### EXERCISE
Whenever a line in the entries includes the word "simultaneous", copy that line out.

____ INFORMATION PROVIDED

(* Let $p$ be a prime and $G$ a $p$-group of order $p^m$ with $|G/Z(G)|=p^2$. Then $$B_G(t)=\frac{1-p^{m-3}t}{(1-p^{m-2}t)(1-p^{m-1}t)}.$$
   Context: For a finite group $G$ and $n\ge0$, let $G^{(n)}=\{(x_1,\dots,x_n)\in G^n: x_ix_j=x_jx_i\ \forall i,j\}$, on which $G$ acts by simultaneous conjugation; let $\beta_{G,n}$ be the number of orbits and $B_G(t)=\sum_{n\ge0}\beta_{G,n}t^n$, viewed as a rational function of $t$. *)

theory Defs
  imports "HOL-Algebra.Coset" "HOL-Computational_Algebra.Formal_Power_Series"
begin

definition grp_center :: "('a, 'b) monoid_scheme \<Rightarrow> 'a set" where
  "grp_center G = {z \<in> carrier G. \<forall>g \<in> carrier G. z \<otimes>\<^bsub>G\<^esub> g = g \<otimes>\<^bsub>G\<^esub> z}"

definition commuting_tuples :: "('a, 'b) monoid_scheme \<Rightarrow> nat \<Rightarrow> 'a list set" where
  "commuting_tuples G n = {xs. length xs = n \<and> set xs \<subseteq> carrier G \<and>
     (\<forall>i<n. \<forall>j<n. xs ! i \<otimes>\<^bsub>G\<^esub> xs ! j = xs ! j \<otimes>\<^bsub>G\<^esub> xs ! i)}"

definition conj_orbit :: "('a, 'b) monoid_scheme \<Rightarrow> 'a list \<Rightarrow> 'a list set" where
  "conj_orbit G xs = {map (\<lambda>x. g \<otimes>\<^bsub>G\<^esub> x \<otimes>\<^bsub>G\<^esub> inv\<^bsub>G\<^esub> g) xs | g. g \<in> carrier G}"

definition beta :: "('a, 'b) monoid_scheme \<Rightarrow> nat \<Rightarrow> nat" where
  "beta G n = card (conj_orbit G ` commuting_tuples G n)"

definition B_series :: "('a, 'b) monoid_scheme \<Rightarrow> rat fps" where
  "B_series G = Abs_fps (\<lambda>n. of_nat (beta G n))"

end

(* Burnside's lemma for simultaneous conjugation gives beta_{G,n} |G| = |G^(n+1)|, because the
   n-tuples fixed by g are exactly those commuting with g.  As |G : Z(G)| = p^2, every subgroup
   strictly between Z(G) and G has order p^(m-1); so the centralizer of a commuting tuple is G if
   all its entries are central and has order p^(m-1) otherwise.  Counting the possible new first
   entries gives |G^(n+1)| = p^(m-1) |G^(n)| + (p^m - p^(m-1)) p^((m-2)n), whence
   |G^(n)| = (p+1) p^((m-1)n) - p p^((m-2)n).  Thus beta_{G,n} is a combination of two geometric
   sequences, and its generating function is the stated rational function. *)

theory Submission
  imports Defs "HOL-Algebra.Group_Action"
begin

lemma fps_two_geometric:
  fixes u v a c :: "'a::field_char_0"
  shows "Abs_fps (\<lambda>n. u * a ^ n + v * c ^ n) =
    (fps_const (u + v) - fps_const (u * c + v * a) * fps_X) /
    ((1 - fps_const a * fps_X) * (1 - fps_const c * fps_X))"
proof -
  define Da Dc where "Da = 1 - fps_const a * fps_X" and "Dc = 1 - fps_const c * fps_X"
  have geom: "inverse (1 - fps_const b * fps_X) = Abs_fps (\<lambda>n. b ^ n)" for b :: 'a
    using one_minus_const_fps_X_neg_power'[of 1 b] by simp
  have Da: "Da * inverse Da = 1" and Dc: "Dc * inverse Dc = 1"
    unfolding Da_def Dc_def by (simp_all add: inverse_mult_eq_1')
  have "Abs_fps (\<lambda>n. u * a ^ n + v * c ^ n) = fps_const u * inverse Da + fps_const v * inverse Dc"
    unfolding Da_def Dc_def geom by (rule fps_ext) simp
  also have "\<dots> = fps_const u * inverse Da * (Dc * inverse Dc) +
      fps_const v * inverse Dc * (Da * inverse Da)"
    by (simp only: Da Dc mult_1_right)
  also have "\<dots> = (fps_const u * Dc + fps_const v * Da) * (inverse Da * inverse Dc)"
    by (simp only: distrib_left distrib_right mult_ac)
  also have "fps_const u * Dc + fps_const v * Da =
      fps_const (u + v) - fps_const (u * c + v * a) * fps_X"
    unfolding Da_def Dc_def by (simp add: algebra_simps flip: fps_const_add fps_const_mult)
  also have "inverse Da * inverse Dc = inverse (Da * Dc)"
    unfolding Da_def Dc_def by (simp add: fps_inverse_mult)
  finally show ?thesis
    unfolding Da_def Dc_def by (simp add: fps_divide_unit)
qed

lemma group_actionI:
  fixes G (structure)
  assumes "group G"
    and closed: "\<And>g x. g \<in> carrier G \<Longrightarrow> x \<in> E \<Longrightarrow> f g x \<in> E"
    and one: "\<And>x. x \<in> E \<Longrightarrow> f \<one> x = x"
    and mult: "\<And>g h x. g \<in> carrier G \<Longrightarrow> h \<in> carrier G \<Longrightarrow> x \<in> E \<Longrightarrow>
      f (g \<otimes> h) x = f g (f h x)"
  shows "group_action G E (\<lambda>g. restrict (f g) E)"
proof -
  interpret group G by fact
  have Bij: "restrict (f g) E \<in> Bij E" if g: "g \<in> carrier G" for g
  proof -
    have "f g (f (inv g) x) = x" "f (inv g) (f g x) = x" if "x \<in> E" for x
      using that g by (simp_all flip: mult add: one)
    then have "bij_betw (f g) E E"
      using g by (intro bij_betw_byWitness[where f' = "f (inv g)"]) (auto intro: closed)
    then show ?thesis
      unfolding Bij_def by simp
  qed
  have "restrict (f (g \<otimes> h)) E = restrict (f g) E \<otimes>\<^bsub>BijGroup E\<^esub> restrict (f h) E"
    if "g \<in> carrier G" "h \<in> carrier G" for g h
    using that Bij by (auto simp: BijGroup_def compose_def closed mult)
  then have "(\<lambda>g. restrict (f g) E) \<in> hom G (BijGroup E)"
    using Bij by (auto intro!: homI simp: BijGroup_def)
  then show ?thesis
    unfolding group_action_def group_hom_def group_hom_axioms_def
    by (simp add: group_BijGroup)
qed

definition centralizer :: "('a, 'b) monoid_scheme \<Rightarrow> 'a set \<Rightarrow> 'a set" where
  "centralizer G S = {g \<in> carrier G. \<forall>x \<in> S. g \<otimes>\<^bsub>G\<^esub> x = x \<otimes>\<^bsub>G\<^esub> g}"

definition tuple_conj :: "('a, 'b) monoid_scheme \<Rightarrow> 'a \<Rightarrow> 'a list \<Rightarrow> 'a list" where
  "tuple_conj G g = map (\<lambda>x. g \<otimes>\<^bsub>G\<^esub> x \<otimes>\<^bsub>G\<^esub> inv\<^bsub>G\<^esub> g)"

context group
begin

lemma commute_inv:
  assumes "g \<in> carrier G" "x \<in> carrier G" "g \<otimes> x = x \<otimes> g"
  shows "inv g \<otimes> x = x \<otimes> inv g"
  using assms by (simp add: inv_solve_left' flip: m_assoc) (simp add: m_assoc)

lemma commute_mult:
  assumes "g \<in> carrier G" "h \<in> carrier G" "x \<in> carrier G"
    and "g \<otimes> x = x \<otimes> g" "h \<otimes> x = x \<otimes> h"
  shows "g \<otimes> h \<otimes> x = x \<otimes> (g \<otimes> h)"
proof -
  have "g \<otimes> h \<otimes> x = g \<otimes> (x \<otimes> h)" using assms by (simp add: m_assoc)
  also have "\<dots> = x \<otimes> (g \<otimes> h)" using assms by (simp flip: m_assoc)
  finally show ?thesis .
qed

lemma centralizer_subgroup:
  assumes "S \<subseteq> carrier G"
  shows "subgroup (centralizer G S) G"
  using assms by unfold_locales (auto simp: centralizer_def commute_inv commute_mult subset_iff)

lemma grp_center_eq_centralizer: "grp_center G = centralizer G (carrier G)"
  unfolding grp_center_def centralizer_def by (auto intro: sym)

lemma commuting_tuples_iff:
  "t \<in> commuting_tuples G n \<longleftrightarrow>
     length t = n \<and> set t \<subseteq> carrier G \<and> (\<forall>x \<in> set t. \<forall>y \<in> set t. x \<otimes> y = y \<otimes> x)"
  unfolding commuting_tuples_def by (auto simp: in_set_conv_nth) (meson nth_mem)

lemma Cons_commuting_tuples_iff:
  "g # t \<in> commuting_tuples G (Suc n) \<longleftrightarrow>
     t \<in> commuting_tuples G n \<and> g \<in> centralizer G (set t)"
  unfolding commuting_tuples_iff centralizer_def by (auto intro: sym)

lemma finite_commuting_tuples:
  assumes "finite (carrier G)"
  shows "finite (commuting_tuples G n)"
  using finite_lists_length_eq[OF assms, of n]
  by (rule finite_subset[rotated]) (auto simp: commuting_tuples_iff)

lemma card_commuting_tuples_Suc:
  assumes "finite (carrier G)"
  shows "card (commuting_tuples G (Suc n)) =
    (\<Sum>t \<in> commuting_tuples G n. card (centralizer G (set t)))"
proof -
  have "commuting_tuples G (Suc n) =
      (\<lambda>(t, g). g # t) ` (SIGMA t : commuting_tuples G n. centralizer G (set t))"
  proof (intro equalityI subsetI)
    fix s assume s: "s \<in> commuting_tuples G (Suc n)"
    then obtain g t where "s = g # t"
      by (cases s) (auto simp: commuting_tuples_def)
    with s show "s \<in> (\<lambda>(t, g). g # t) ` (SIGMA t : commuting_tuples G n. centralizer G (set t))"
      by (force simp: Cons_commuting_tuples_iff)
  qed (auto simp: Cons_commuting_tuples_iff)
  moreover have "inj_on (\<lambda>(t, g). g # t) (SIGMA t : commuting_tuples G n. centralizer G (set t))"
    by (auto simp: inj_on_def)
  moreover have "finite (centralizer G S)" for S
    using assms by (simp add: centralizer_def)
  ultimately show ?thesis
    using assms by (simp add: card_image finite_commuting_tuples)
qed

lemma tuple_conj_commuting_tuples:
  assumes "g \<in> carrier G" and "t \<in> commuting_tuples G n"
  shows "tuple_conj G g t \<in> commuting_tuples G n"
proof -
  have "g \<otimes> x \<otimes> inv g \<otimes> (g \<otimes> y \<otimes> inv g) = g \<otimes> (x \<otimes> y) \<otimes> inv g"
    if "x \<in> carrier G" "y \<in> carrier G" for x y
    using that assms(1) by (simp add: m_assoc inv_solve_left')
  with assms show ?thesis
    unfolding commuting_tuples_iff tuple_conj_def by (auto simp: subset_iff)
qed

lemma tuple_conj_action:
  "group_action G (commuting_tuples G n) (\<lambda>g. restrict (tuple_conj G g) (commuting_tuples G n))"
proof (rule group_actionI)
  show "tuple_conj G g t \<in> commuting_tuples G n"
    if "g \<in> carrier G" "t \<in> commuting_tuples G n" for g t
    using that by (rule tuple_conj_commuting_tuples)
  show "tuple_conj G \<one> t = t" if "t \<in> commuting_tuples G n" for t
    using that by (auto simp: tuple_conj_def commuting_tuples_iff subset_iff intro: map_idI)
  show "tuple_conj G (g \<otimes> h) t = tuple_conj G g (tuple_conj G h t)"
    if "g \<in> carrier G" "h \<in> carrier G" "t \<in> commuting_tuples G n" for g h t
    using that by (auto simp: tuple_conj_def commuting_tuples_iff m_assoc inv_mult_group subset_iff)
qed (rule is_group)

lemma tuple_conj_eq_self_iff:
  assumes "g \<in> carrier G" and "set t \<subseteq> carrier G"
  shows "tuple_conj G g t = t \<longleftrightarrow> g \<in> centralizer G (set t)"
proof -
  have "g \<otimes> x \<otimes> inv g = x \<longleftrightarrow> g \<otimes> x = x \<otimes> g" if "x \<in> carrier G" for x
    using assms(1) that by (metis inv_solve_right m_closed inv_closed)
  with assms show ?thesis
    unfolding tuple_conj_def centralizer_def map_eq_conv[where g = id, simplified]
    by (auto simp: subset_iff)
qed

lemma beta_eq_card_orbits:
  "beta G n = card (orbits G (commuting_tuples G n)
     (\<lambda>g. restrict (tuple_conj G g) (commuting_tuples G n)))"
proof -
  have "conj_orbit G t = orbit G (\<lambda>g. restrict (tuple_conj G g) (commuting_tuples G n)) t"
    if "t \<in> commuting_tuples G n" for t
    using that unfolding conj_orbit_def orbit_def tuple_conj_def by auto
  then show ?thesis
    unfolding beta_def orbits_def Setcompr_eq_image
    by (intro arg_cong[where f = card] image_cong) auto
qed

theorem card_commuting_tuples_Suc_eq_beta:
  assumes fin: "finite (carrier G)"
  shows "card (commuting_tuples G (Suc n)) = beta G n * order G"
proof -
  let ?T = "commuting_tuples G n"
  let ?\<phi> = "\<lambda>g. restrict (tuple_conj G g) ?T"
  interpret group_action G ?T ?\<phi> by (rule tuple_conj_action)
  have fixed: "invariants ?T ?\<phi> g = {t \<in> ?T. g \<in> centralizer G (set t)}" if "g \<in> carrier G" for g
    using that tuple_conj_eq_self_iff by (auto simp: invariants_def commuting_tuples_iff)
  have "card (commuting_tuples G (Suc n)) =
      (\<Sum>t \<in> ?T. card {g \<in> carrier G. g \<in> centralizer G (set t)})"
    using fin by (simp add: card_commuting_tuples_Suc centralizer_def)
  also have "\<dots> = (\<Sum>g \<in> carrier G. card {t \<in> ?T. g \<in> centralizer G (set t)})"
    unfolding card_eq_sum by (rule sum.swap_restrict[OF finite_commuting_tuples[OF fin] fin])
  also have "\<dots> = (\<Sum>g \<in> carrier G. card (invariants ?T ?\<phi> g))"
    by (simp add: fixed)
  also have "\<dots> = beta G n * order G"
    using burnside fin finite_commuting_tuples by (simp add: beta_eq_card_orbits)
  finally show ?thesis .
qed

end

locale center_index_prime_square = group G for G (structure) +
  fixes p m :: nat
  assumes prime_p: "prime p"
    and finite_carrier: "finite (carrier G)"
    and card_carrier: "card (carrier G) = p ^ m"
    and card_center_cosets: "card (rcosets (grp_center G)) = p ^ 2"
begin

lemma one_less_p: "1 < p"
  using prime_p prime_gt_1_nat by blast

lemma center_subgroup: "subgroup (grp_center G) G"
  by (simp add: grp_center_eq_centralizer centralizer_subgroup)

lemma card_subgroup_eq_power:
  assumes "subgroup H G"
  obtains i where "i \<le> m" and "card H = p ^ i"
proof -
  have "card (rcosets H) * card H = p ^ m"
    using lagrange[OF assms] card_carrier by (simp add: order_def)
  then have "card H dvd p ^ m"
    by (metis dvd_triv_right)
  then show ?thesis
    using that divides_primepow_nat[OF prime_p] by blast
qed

________
____ INFORMATION PROVIDED

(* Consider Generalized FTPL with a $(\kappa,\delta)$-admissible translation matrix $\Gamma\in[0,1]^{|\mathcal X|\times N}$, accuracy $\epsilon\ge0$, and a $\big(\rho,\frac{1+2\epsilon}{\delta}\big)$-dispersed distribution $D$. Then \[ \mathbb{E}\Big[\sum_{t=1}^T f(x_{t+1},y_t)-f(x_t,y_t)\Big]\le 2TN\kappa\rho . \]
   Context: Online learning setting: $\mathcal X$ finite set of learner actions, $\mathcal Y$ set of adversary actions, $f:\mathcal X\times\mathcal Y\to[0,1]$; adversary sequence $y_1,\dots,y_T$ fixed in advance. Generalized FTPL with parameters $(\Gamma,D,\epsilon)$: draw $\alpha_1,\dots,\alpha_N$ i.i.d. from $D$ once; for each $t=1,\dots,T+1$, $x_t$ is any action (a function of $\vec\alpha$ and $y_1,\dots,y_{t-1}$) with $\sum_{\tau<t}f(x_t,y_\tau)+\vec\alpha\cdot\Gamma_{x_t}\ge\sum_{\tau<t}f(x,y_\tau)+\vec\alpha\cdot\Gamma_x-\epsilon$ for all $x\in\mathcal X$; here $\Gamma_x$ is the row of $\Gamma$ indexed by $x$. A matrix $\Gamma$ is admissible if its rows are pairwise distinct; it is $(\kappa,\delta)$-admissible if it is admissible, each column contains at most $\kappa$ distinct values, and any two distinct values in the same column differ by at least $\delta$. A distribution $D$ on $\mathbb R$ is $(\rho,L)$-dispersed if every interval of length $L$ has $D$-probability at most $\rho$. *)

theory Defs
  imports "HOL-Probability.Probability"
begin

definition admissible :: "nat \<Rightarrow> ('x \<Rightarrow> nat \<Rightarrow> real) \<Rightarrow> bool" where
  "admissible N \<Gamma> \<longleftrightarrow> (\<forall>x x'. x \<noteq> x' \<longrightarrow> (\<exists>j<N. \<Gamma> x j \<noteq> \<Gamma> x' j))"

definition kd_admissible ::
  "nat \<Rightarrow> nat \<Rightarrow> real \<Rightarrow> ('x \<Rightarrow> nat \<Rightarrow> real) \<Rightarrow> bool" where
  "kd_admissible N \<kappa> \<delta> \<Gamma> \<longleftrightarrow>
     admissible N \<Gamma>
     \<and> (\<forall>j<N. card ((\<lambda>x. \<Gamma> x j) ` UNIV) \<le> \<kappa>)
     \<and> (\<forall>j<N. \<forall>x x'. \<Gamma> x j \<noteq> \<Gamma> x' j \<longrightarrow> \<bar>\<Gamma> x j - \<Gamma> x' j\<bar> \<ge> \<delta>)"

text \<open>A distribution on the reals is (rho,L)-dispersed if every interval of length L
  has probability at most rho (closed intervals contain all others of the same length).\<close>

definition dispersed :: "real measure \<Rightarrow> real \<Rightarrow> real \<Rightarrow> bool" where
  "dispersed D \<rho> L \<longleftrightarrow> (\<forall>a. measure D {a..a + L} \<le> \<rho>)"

________

### RESPONSE AREA
   Context: For a finite group $G$ and $n\ge0$, let $G^{(n)}=\{(x_1,\dots,x_n)\in G^n: x_ix_j=x_jx_i\ \forall i,j\}$, on which $G$ acts by simultaneous conjugation; let $\beta_{G,n}$ be the number of orbits and $B_G(t)=\sum_{n\ge0}\beta_{G,n}t^n$, viewed as a rational function of $t$. *)
(* Burnside's lemma for simultaneous conjugation gives beta_{G,n} |G| = |G^(n+1)|, because the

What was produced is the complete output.